I have an easy question about indicator functions.
Let $A$ be any event. We can write $\Bbb P(A)$ as an expectation, as follows:
Define the indicator function:
$$ I_A = \begin{cases} 1, & \text{if event $A$ occurs} \\ 0, & \text{otherwise} \end{cases} $$
Then $I_A$ is a random variable.
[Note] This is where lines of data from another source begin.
text \<open>Exponential lower bound: on \<open>(x, x+1]\<close> a minorant \<open>c e^(-b t^a)\<close> is at least
  \<open>c e^(-b (2x)^a) = c (e^(-b x^a))^(2^a)\<close>, which dominates a multiple of \<open>g(x)^(2^a)\<close>.\<close>
lemma exp_right_tail_lower:
  fixes g :: "real \<Rightarrow> real"
  assumes g0: "0 \<le> g x" and a: "0 \<le> a" and b: "0 < b" and C: "0 < C" and c: "0 < c" and x: "1 \<le> x"
    and up: "g x \<le> C * exp (- b * x powr a)"
    and low: "\<And>t. x \<le> t \<Longrightarrow> c * exp (- b * t powr a) \<le> g t"
  shows "ennreal (c / C powr (2 powr a) * g x powr (2 powr a)) \<le> right_tail g x"
proof -
  have "c / C powr (2 powr a) * g x powr (2 powr a)
      \<le> c / C powr (2 powr a) * (C * exp (- b * x powr a)) powr (2 powr a)"
    using up g0 c C by (intro mult_left_mono powr_mono2) auto
  also have "\<dots> = c * exp (- b * (2*x) powr a)"
    using C x by (simp add: powr_mult exp_powr_real field_simps)
  finally have "ennreal (c / C powr (2 powr a) * g x powr (2 powr a)) \<le> ennreal (c * exp (- b * (2*x) powr a))"
    by (rule ennreal_leI)
  also have "\<dots> \<le> right_tail g x"
  proof (rule right_tail_ge_local_mass)
    fix t assume t: "x < t" "t \<le> x + 1"
    have "t powr a \<le> (2*x) powr a" using t x a by (intro powr_mono2) auto
    then have "c * exp (- b * (2*x) powr a) \<le> c * exp (- b * t powr a)" using b c by simp
    also have "\<dots> \<le> g t" using low t by simp
    finally show "c * exp (- b * (2*x) powr a) \<le> g t" .
  qed (use c in simp)
  finally show ?thesis .
qed

lemma exp_right_tail_regular:
  fixes g :: "real \<Rightarrow> real"
  assumes g0: "\<And>t. 0 \<le> g t" and a: "1 \<le> a" and b: "0 < b" and C: "0 < C" and c: "0 < c"
    and R: "1 \<le> R"
    and up: "\<And>t. R \<le> t \<Longrightarrow> g t \<le> C * exp (- b * t powr a)"
    and low: "\<And>t. R \<le> t \<Longrightarrow> c * exp (- b * t powr a) \<le> g t"
  shows "regular_right_tail g (2 powr a) 1"
  unfolding regular_right_tail_def
proof (intro exI conjI allI impI)
  show "0 < c / C powr (2 powr a)" "0 < C / (b * c)" using c C b by simp_all
  fix x assume x: "R \<le> x"
  then have x1: "1 \<le> x" using R by simp
  have up_x: "\<And>t. x \<le> t \<Longrightarrow> g t \<le> C * exp (- b * t powr a)"
    and low_x: "\<And>t. x \<le> t \<Longrightarrow> c * exp (- b * t powr a) \<le> g t" using up low x by auto
  show "ennreal (c / C powr (2 powr a) * g x powr (2 powr a)) \<le> right_tail g x"
    using exp_right_tail_lower[OF g0[of x] _ b C c x1 up_x[OF order_refl] low_x] a by simp
  show "right_tail g x \<le> ennreal (C / (b * c) * g x powr 1)"
    by (rule exp_right_tail_upper[OF a b C c x1 up_x low_x[OF order_refl]])
qed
Why the first and last euality holds here:
$$ \Bbb E(I_A) = \sum_{r=0}^1 r \cdot \Bbb P(I_A = r) \\ = \Bbb P(A). $$
?
In general if $X$ is a random variable with $\mathsf P(X\in S)=1$ where $S$ denotes a countable set then: $$\mathsf EX=\sum_{s\in S}s\mathsf P(X=s)$$
Observe that $\mathsf P(1_A\in\{0,1\})=1$ and apply that to find the first equality.
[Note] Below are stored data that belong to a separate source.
theorem lemma5:
  fixes r q :: real and lam lam' eps :: "nat \<Rightarrow> real"
  assumes r_pos: "r > 0"
    and q_gt: "q > r / 2"
    and lam_growth: "filterlim (\<lambda>N. lam N / ln (real N)) at_top sequentially"
    and eps_lim: "eps \<longlonglongrightarrow> 0"
    and lam'_def: "\<And>N. lam' N = lam N + sqrt (2 * lam N * r * ln (real N) * (1 + eps N))"
  defines "P \<equiv> (\<lambda>N. measure_pmf.prob (pair_pmf (poisson_pmf (lam N)) (poisson_pmf (lam' N)))
                   {(x, y). pval x y \<le> real N powr (- q)})"
  shows "(\<exists>\<delta> :: nat \<Rightarrow> real. \<delta> \<longlonglongrightarrow> 0 \<and>
            (\<forall>\<^sub>F N in sequentially. P N \<ge> real N powr (- alpha_high q r + \<delta> N)))
       \<and> (\<exists>\<delta>1 \<delta>2 :: nat \<Rightarrow> real. \<delta>1 \<longlonglongrightarrow> 0 \<and> \<delta>2 \<longlonglongrightarrow> 0 \<and>
            (\<forall>\<^sub>F N in sequentially.
               P N \<le> real N powr (- 1 + \<delta>1 N) + real N powr (- alpha_high q r + \<delta>2 N)))"
proof -
  interpret poisson_mean_shift lam lam' "\<lambda>N. ln (real N)" "\<lambda>N. sqrt (2 * r * (1 + eps N))" "sqrt (2 * r)"
    using poisson_mean_shift_ln[OF r_pos lam_growth eps_lim lam'_def] .
  have "sqrt (2 * r) = sqrt 4 * sqrt (r / 2)"
    by (simp only: real_sqrt_mult[symmetric]) simp
  then have alpha: "alpha_high q r = (sqrt q - sqrt (2 * r) / 2)\<^sup>2"
    by (simp add: alpha_high_def)
  have "(sqrt (2 * r))\<^sup>2 / 4 < q"
    using r_pos q_gt by simp
  have P_eq: "\<forall>\<^sub>F N in sequentially. P N = measure_pmf.prob (pair_pmf (poisson_pmf (lam N)) (poisson_pmf (lam' N)))
      {(x, y). pval x y \<le> exp (- q * ln (real N))} \<and> (\<forall>a. real N powr a = exp (a * ln (real N)))"
    using eventually_gt_at_top[of 0] by eventually_elim (simp add: P_def powr_def)
  have lower: "\<forall>\<^sub>F N in sequentially. real N powr (- alpha_high q r - \<eta>) \<le> P N" if "0 < \<eta>" for \<eta>
    using eventually_prob_pval_ge[OF that, where q = q] P_eq by eventually_elim (simp add: alpha)
  have upper: "\<forall>\<^sub>F N in sequentially. P N \<le> real N powr (- alpha_high q r + \<eta>)" if "0 < \<eta>" for \<eta>
    using eventually_prob_pval_le[OF \<open>(sqrt (2 * r))\<^sup>2 / 4 < q\<close> that] P_eq by eventually_elim (simp add: alpha)
  obtain \<delta> where "\<delta> \<longlonglongrightarrow> 0" "\<forall>\<^sub>F N in sequentially. real N powr (- alpha_high q r + \<delta> N) \<le> P N"
    using exists_vanishing_exponent_lower[OF lower] by blast
  moreover obtain \<delta>2 where "\<delta>2 \<longlonglongrightarrow> 0" "\<forall>\<^sub>F N in sequentially. P N \<le> real N powr (- alpha_high q r + \<delta>2 N)"
    using exists_vanishing_exponent_upper[OF upper] by blast
  moreover have "\<forall>\<^sub>F N in sequentially. P N \<le> real N powr (- 1 + 0) + real N powr (- alpha_high q r + \<delta>2 N)"
    using calculation(4) by eventually_elim (simp add: add_increasing)
  ultimately show ?thesis
    by (intro conjI exI[of _ \<delta>] exI[of _ "\<lambda>_. 0"] exI[of _ \<delta>2]) auto
qed

end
$\mathsf P(X=1)$ is just an abbreviation of $\mathsf P(\{\omega\in\Omega\mid X(\omega)=1\})$.
For $X=1_A$ we find: $$\{\omega\in\Omega\mid X(\omega)=1\}=\{\omega\in\Omega\mid 1_A(\omega)=1\}=A$$ so that: $$\mathsf P(1_A=1)=\mathsf P(A)$$